Extracted records
= Beginning of Section =

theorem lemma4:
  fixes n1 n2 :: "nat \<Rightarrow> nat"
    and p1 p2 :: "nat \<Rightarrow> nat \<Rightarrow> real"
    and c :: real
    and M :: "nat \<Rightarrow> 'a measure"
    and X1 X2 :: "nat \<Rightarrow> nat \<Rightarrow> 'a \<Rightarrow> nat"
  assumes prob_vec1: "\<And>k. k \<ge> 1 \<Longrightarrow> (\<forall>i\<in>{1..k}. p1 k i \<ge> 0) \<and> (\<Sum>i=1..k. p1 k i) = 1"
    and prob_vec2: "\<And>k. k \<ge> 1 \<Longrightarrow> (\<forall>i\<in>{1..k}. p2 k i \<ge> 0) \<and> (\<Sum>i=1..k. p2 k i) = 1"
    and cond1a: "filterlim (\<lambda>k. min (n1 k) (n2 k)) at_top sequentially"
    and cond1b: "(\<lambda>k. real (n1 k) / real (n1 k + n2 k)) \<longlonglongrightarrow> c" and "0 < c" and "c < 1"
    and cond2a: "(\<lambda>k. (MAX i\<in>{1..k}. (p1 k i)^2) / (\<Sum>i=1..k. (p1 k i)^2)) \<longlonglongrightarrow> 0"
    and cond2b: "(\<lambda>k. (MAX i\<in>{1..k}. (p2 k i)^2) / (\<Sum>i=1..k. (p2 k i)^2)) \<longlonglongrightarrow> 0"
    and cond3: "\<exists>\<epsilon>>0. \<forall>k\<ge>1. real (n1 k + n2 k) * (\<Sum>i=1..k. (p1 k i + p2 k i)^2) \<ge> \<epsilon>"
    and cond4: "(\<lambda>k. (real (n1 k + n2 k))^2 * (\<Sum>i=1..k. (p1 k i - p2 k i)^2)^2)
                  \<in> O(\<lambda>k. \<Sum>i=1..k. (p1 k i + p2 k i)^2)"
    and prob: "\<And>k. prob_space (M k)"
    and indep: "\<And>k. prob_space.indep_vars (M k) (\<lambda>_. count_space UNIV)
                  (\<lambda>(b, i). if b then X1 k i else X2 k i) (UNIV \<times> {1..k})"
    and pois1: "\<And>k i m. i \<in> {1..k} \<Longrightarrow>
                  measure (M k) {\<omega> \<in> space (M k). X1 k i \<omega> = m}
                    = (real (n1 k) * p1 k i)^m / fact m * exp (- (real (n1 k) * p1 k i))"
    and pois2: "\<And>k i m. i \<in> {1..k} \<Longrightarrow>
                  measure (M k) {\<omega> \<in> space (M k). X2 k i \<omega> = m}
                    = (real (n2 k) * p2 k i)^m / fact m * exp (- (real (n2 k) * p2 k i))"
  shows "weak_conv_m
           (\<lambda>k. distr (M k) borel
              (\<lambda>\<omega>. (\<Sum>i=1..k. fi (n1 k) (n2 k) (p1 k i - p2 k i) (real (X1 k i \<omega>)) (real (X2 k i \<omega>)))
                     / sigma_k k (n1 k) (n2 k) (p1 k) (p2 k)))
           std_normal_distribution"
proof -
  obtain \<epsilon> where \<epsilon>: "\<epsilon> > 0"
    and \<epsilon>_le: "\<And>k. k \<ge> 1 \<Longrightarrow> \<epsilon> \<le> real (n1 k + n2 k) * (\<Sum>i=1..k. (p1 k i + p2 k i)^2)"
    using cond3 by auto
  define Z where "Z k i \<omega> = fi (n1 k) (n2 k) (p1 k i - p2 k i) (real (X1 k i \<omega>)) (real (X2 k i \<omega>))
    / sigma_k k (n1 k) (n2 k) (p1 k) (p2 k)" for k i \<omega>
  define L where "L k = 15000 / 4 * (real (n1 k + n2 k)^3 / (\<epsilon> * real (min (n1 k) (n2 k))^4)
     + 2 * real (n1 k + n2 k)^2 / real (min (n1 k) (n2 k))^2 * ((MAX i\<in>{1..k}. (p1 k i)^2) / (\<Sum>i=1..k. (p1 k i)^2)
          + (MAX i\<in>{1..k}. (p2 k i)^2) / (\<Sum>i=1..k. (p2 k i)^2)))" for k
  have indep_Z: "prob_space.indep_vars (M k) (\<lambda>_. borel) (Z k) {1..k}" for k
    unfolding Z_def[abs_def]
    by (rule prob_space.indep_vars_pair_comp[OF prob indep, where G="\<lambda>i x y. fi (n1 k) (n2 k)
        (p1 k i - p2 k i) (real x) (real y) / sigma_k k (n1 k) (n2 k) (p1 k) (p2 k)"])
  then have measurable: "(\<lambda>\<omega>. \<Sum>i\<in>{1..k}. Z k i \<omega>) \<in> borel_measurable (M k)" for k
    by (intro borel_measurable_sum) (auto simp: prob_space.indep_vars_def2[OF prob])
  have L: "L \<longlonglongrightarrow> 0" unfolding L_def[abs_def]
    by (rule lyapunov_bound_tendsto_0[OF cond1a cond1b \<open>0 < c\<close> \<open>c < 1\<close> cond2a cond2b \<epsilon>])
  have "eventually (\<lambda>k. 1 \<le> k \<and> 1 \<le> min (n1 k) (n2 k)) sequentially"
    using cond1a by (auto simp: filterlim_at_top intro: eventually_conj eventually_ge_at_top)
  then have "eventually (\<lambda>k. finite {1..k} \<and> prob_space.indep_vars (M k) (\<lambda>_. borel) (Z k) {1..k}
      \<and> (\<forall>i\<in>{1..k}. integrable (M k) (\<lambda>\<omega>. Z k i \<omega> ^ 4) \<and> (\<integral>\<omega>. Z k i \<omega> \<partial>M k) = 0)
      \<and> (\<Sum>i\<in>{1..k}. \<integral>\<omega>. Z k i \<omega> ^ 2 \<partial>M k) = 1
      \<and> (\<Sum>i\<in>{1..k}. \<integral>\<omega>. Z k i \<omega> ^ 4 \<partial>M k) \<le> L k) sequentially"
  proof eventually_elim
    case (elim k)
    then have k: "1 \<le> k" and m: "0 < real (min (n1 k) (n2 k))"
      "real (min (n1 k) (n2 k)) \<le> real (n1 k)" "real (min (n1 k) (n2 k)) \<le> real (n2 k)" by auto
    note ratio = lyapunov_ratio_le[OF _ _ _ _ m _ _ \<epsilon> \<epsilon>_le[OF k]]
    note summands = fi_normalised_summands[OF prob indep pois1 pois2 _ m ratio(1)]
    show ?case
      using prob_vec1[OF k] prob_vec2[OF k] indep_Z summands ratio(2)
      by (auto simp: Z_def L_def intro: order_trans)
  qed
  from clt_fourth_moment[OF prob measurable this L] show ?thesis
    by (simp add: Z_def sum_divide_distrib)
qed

= End of Section =

| WHAT THE EXERCISE ASKS |
Reproduce each line of the data without any change.

| COMPLETED EXERCISE |
theorem lemma4:
  fixes n1 n2 :: "nat \<Rightarrow> nat"
    and p1 p2 :: "nat \<Rightarrow> nat \<Rightarrow> real"
    and c :: real
    and M :: "nat \<Rightarrow> 'a measure"
    and X1 X2 :: "nat \<Rightarrow> nat \<Rightarrow> 'a \<Rightarrow> nat"
  assumes prob_vec1: "\<And>k. k \<ge> 1 \<Longrightarrow> (\<forall>i\<in>{1..k}. p1 k i \<ge> 0) \<and> (\<Sum>i=1..k. p1 k i) = 1"
    and prob_vec2: "\<And>k. k \<ge> 1 \<Longrightarrow> (\<forall>i\<in>{1..k}. p2 k i \<ge> 0) \<and> (\<Sum>i=1..k. p2 k i) = 1"
    and cond1a: "filterlim (\<lambda>k. min (n1 k) (n2 k)) at_top sequentially"
    and cond1b: "(\<lambda>k. real (n1 k) / real (n1 k + n2 k)) \<longlonglongrightarrow> c" and "0 < c" and "c < 1"
    and cond2a: "(\<lambda>k. (MAX i\<in>{1..k}. (p1 k i)^2) / (\<Sum>i=1..k. (p1 k i)^2)) \<longlonglongrightarrow> 0"
    and cond2b: "(\<lambda>k. (MAX i\<in>{1..k}. (p2 k i)^2) / (\<Sum>i=1..k. (p2 k i)^2)) \<longlonglongrightarrow> 0"
    and cond3: "\<exists>\<epsilon>>0. \<forall>k\<ge>1. real (n1 k + n2 k) * (\<Sum>i=1..k. (p1 k i + p2 k i)^2) \<ge> \<epsilon>"
    and cond4: "(\<lambda>k. (real (n1 k + n2 k))^2 * (\<Sum>i=1..k. (p1 k i - p2 k i)^2)^2)
                  \<in> O(\<lambda>k. \<Sum>i=1..k. (p1 k i + p2 k i)^2)"
    and prob: "\<And>k. prob_space (M k)"
    and indep: "\<And>k. prob_space.indep_vars (M k) (\<lambda>_. count_space UNIV)
                  (\<lambda>(b, i). if b then X1 k i else X2 k i) (UNIV \<times> {1..k})"
    and pois1: "\<And>k i m. i \<in> {1..k} \<Longrightarrow>
                  measure (M k) {\<omega> \<in> space (M k). X1 k i \<omega> = m}
                    = (real (n1 k) * p1 k i)^m / fact m * exp (- (real (n1 k) * p1 k i))"
    and pois2: "\<And>k i m. i \<in> {1..k} \<Longrightarrow>
                  measure (M k) {\<omega> \<in> space (M k). X2 k i \<omega> = m}
                    = (real (n2 k) * p2 k i)^m / fact m * exp (- (real (n2 k) * p2 k i))"
  shows "weak_conv_m
           (\<lambda>k. distr (M k) borel
              (\<lambda>\<omega>. (\<Sum>i=1..k. fi (n1 k) (n2 k) (p1 k i - p2 k i) (real (X1 k i \<omega>)) (real (X2 k i \<omega>)))
                     / sigma_k k (n1 k) (n2 k) (p1 k) (p2 k)))
           std_normal_distribution"
proof -
  obtain \<epsilon> where \<epsilon>: "\<epsilon> > 0"
    and \<epsilon>_le: "\<And>k. k \<ge> 1 \<Longrightarrow> \<epsilon> \<le> real (n1 k + n2 k) * (\<Sum>i=1..k. (p1 k i + p2 k i)^2)"
    using cond3 by auto
  define Z where "Z k i \<omega> = fi (n1 k) (n2 k) (p1 k i - p2 k i) (real (X1 k i \<omega>)) (real (X2 k i \<omega>))
    / sigma_k k (n1 k) (n2 k) (p1 k) (p2 k)" for k i \<omega>
  define L where "L k = 15000 / 4 * (real (n1 k + n2 k)^3 / (\<epsilon> * real (min (n1 k) (n2 k))^4)
     + 2 * real (n1 k + n2 k)^2 / real (min (n1 k) (n2 k))^2 * ((MAX i\<in>{1..k}. (p1 k i)^2) / (\<Sum>i=1..k. (p1 k i)^2)
          + (MAX i\<in>{1..k}. (p2 k i)^2) / (\<Sum>i=1..k. (p2 k i)^2)))" for k
  have indep_Z: "prob_space.indep_vars (M k) (\<lambda>_. borel) (Z k) {1..k}" for k
    unfolding Z_def[abs_def]
    by (rule prob_space.indep_vars_pair_comp[OF prob indep, where G="\<lambda>i x y. fi (n1 k) (n2 k)
        (p1 k i - p2 k i) (real x) (real y) / sigma_k k (n1 k) (n2 k) (p1 k) (p2 k)"])
  then have measurable: "(\<lambda>\<omega>. \<Sum>i\<in>{1..k}. Z k i \<omega>) \<in> borel_measurable (M k)" for k
    by (intro borel_measurable_sum) (auto simp: prob_space.indep_vars_def2[OF prob])
  have L: "L \<longlonglongrightarrow> 0" unfolding L_def[abs_def]
    by (rule lyapunov_bound_tendsto_0[OF cond1a cond1b \<open>0 < c\<close> \<open>c < 1\<close> cond2a cond2b \<epsilon>])
  have "eventually (\<lambda>k. 1 \<le> k \<and> 1 \<le> min (n1 k) (n2 k)) sequentially"
    using cond1a by (auto simp: filterlim_at_top intro: eventually_conj eventually_ge_at_top)
  then have "eventually (\<lambda>k. finite {1..k} \<and> prob_space.indep_vars (M k) (\<lambda>_. borel) (Z k) {1..k}
      \<and> (\<forall>i\<in>{1..k}. integrable (M k) (\<lambda>\<omega>. Z k i \<omega> ^ 4) \<and> (\<integral>\<omega>. Z k i \<omega> \<partial>M k) = 0)
      \<and> (\<Sum>i\<in>{1..k}. \<integral>\<omega>. Z k i \<omega> ^ 2 \<partial>M k) = 1
      \<and> (\<Sum>i\<in>{1..k}. \<integral>\<omega>. Z k i \<omega> ^ 4 \<partial>M k) \<le> L k) sequentially"
  proof eventually_elim
    case (elim k)
    then have k: "1 \<le> k" and m: "0 < real (min (n1 k) (n2 k))"
      "real (min (n1 k) (n2 k)) \<le> real (n1 k)" "real (min (n1 k) (n2 k)) \<le> real (n2 k)" by auto
    note ratio = lyapunov_ratio_le[OF _ _ _ _ m _ _ \<epsilon> \<epsilon>_le[OF k]]
    note summands = fi_normalised_summands[OF prob indep pois1 pois2 _ m ratio(1)]
    show ?case
      using prob_vec1[OF k] prob_vec2[OF k] indep_Z summands ratio(2)
      by (auto simp: Z_def L_def intro: order_trans)
  qed
  from clt_fourth_moment[OF prob measurable this L] show ?thesis
    by (simp add: Z_def sum_divide_distrib)
qed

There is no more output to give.